Recent winners of the award include the Associated Press team of Mystyslav Cherbov, Evgeniy Maloletka, Vasilisa Stepanenko and Lori Hinnant for their courageous report on Russia’s attack on Mariupol, Jessica Contrera of the Washington Post for her reporting on child sex trafficking, and Margie Mason and Robin McDowell of the Associated Press for exposing widespread labor abuses in the global palm oil industry.

ABOUT ANTHONY SHADID: The award is named for Anthony Shadid, a UW-Madison journalism alumnus and foreign reporter for the Washington Post, The New York Times and The Associated Press. Shadid won two Pulitzer Prizes for his courageous and informed journalism. He died in February 2012 while reporting in Syria.

Shadid had a special connection to the University of Wisconsin-Madison, its School of Journalism and Mass Communication and the Center for Journalism Ethics. He sat on the Center’s advisory board and was a strong supporter of its aim to promote public interest journalism and to stimulate discussion about journalism ethics.

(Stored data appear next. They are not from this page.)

(* Suppose $c,\rho>0$ satisfy the parameter condition (C), the graph $G$ is connected, and $\mathcal A\neq\emptyset$. Then the sequences $\{\mathbf z^t\}_{t\ge1}$, $\{\mathbf w^t\}_{t\ge1}$, $\{\boldsymbol\lambda^t\}_{t\ge1}$ and $\{\tilde{\mathbf z}^t\}_{t\ge1}$ generated by Algorithm SP-ADMM-JCNL are bounded.
   Context: $G=(\mathcal N,\mathcal E)$ is an undirected graph on $\mathcal N=\{1,\dots,N\}$, $\mathcal N_i=\{j:(i,j)\in\mathcal E\}$, $N_i=|\mathcal N_i|\ge1$ (neighbors listed in a fixed order). $\mathcal A\subseteq\mathcal N$ is the set of anchors with known positions $\mathbf a_k\in\mathbb R^n$. Measurements $d_{i,j}=d_{j,i}\ge0$ ($j\in\mathcal N_i$) and $r_i\ge0$. $\mathcal B^{k}$ is the product of $k$ closed Euclidean unit balls of $\mathbb R^n$; $\delta_C$ is the indicator function of $C$. Variables: $\mathbf z_i=(\mathbf x_i,\mathbf p_i^-,\mathbf p_i^+,\mathbf y_i,\mathbf q_i^-,\mathbf q_i^+)\in\mathbb R^{(4N_i+2)n}$ with $\mathbf p_i^\pm=(\mathbf p^\pm_{i,j})_{j\in\mathcal N_i}$, $\mathbf q_i^\pm=(\mathbf q^\pm_{i,j})_{j\in\mathcal N_i}$ (blocks in $\mathbb R^n$), $\mathbf z=(\mathbf z_i)_i$; $\mathbf w_i=((\mathbf v_{i,j})_{j\in\mathcal N_i},\mathbf u_i)\in\mathbb R^{(N_i+1)n}$, $\mathbf w=(\mathbf w_i)_i$; $\boldsymbol\lambda_i\in\mathbb R^{3N_in}$. Linear maps (identified with their matrices): $\mathbf H_i\mathbf z_i=((\mathbf x_i-\mathbf p^+_{i,j})_{j},\mathbf x_i-\mathbf y_i)$, $\mathbf A_i\mathbf z_i=((\mathbf x_i-\mathbf p^-_{i,j})_j,(\mathbf y_i-\mathbf q^-_{i,j})_j,(\mathbf y_i-\mathbf q^+_{i,j})_j)$, $\mathbf D_i=\mathrm{Diag}((d_{i,j})_{j\in\mathcal N_i},r_i)\otimes\mathbf I_n$. $G_i(\mathbf z_i,\mathbf w_i)=\frac12\|\mathbf H_i\mathbf z_i\|^2-\mathbf w_i^T\mathbf D_i\mathbf H_i\mathbf z_i$. $\mathcal X=\{\mathbf z:\mathbf x_i=\mathbf a_i\ \forall i\in\mathcal A\}$, $\mathcal Y=\{\mathbf z:\mathbf p^+_{i,j}=\mathbf p^-_{j,i},\ \mathbf q^+_{i,j}=\mathbf q^-_{j,i}\ \forall i,\ j\in\mathcal N_i\}$. $|\mathbf M|$ is the entrywise absolute value, $\|\mathbf v\|^2_{\mathbf M}=\mathbf v^T\mathbf M\mathbf v$, $\mathbf S_i=|\mathbf A_i^T\mathbf A_i|+\frac1c|\mathbf H_i^T\mathbf H_i|$, $\mathbf U_i=\mathbf H_i^T\mathbf H_i+c\mathbf A_i^T\mathbf A_i+c\mathbf S_i$ (a positive definite diagonal matrix). Augmented Lagrangian: $\mathcal L_i(\mathbf z_i,\mathbf w_i,\boldsymbol\lambda_i)=G_i(\mathbf z_i,\mathbf w_i)+\delta_{\mathcal B^{N_i+1}}(\mathbf w_i)+\langle\boldsymbol\lambda_i,\mathbf A_i\mathbf z_i\rangle+\frac c2\|\mathbf A_i\mathbf z_i\|^2$. Algorithm SP-ADMM-JCNL (parameters $c,\rho>0$; arbitrary $\mathbf z^0,\mathbf w^0$, $\boldsymbol\lambda^0=\mathbf 0$): for $t\ge0$, $\mathbf z^{t+1}=\arg\min_{\mathbf z\in\mathcal X\cap\mathcal Y}\sum_i[\mathcal L_i(\mathbf z_i,\mathbf w_i^t,\boldsymbol\lambda_i^t)+\frac c2\|\mathbf z_i-\mathbf z_i^t\|^2_{\mathbf S_i}]$; $\mathbf w_i^{t+1}=\mathrm{proj}_{\mathcal B^{N_i+1}}(\mathbf w_i^t+\rho^{-1}\mathbf D_i\mathbf H_i\mathbf z_i^{t+1})$; $\boldsymbol\lambda_i^{t+1}=\boldsymbol\lambda_i^t+c\mathbf A_i\mathbf z_i^{t+1}$. Auxiliary sequence: $\tilde{\mathbf z}_i^{t+1}=\mathbf U_i^{-1}(\mathbf H_i^T\mathbf D_i\mathbf w_i^t-\mathbf A_i^T\boldsymbol\lambda_i^t+c\mathbf S_i\mathbf z_i^t)$ for $t\ge0$, $\tilde{\mathbf z}^t=(\tilde{\mathbf z}_i^t)_i$. Constants: $N_{\max}=\max_iN_i$, $N_{\mathrm{sum}}=\sum_iN_i$, $d_{\max}=\max(\{d_{i,j}\}\cup\{r_i\})$, $\tilde\tau_{\min}=\min_{i\in\mathcal N}\{5(c+1)^2N_i^2+(3c^2+4c+3)N_i\}$. Parameter condition (C): there exist $\kappa_1,\kappa_2>0$ with $\kappa_1\ge6(2N_{\max}+2)(1+\frac1c)$, $\kappa_2\ge\frac{3N_{\mathrm{sum}}n(c+1)^2(2N_{\max}+1)\kappa_1}{\tilde\tau_{\min}}$, and $\rho\ge4d_{\max}^2(\kappa_1+\kappa_2)$. *)

theory Defs
  imports "HOL-Analysis.Analysis"
begin

text \<open>Nodes are 1..N; E is the (symmetric, irreflexive) edge relation.
  Positions/blocks live in real^'n, so n = CARD('n).
  Local variables are indexed by "slots":
  z_i = (x_i, p^-_i, p^+_i, y_i, q^-_i, q^+_i), with p/q blocks indexed by neighbours j.\<close>

datatype slot = SX | SPm nat | SPp nat | SY | SQm nat | SQp nat
datatype hrow = HV nat | HU          \<comment> \<open>rows of H_i, also indices of w_i = ((v_ij)_j, u_i)\<close>
datatype arow = AP nat | AQm nat | AQp nat   \<comment> \<open>rows of A_i, also indices of lambda_i\<close>

definition nodes :: "nat \<Rightarrow> nat set" where "nodes N = {1..N}"

definition nbrs :: "(nat \<Rightarrow> nat \<Rightarrow> bool) \<Rightarrow> nat \<Rightarrow> nat \<Rightarrow> nat set" where
  "nbrs E N i = {j \<in> nodes N. E i j}"

definition deg :: "(nat \<Rightarrow> nat \<Rightarrow> bool) \<Rightarrow> nat \<Rightarrow> nat \<Rightarrow> nat" where
  "deg E N i = card (nbrs E N i)"

definition slots :: "(nat \<Rightarrow> nat \<Rightarrow> bool) \<Rightarrow> nat \<Rightarrow> nat \<Rightarrow> slot set" where
  "slots E N i = {SX, SY} \<union> SPm ` nbrs E N i \<union> SPp ` nbrs E N i
                 \<union> SQm ` nbrs E N i \<union> SQp ` nbrs E N i"

definition hrows :: "(nat \<Rightarrow> nat \<Rightarrow> bool) \<Rightarrow> nat \<Rightarrow> nat \<Rightarrow> hrow set" where
  "hrows E N i = HV ` nbrs E N i \<union> {HU}"

definition arows :: "(nat \<Rightarrow> nat \<Rightarrow> bool) \<Rightarrow> nat \<Rightarrow> nat \<Rightarrow> arow set" where
  "arows E N i = AP ` nbrs E N i \<union> AQm ` nbrs E N i \<union> AQp ` nbrs E N i"

text \<open>Scalar coefficient matrices of H_i and A_i (the actual maps are these Kronecker I_n).\<close>
fun Hmat :: "hrow \<Rightarrow> slot \<Rightarrow> real" where
  "Hmat (HV j) s = (if s = SX then 1 else if s = SPp j then -1 else 0)"
| "Hmat HU s = (if s = SX then 1 else if s = SY then -1 else 0)"

fun Amat :: "arow \<Rightarrow> slot \<Rightarrow> real" where
  "Amat (AP j) s = (if s = SX then 1 else if s = SPm j then -1 else 0)"
| "Amat (AQm j) s = (if s = SY then 1 else if s = SQm j then -1 else 0)"
| "Amat (AQp j) s = (if s = SY then 1 else if s = SQp j then -1 else 0)"

definition mv :: "('r \<Rightarrow> 's \<Rightarrow> real) \<Rightarrow> 's set \<Rightarrow> ('s \<Rightarrow> real^'n) \<Rightarrow> 'r \<Rightarrow> real^'n" where
  "mv M C v = (\<lambda>r. \<Sum>s\<in>C. M r s *\<^sub>R v s)"

definition mtv :: "('r \<Rightarrow> 's \<Rightarrow> real) \<Rightarrow> 'r set \<Rightarrow> ('r \<Rightarrow> real^'n) \<Rightarrow> 's \<Rightarrow> real^'n" where
  "mtv M R v = (\<lambda>s. \<Sum>r\<in>R. M r s *\<^sub>R v r)"

definition gram :: "('r \<Rightarrow> 's \<Rightarrow> real) \<Rightarrow> 'r set \<Rightarrow> 's \<Rightarrow> 's \<Rightarrow> real" where
  "gram M R = (\<lambda>s s'. \<Sum>r\<in>R. M r s * M r s')"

ABOUT THE CENTER: The mission of the Center for Journalism Ethics is to encourage the highest standards in journalism ethics worldwide. We foster vigorous debate about ethical practices in journalism and provide a resource for producers, consumers and students of journalism. We honor the best in ethical journalistic practice and will not hesitate to call attention to journalistic failings. The Center is housed in the School of Journalism and Mass Communication at the University of Wisconsin-Madison.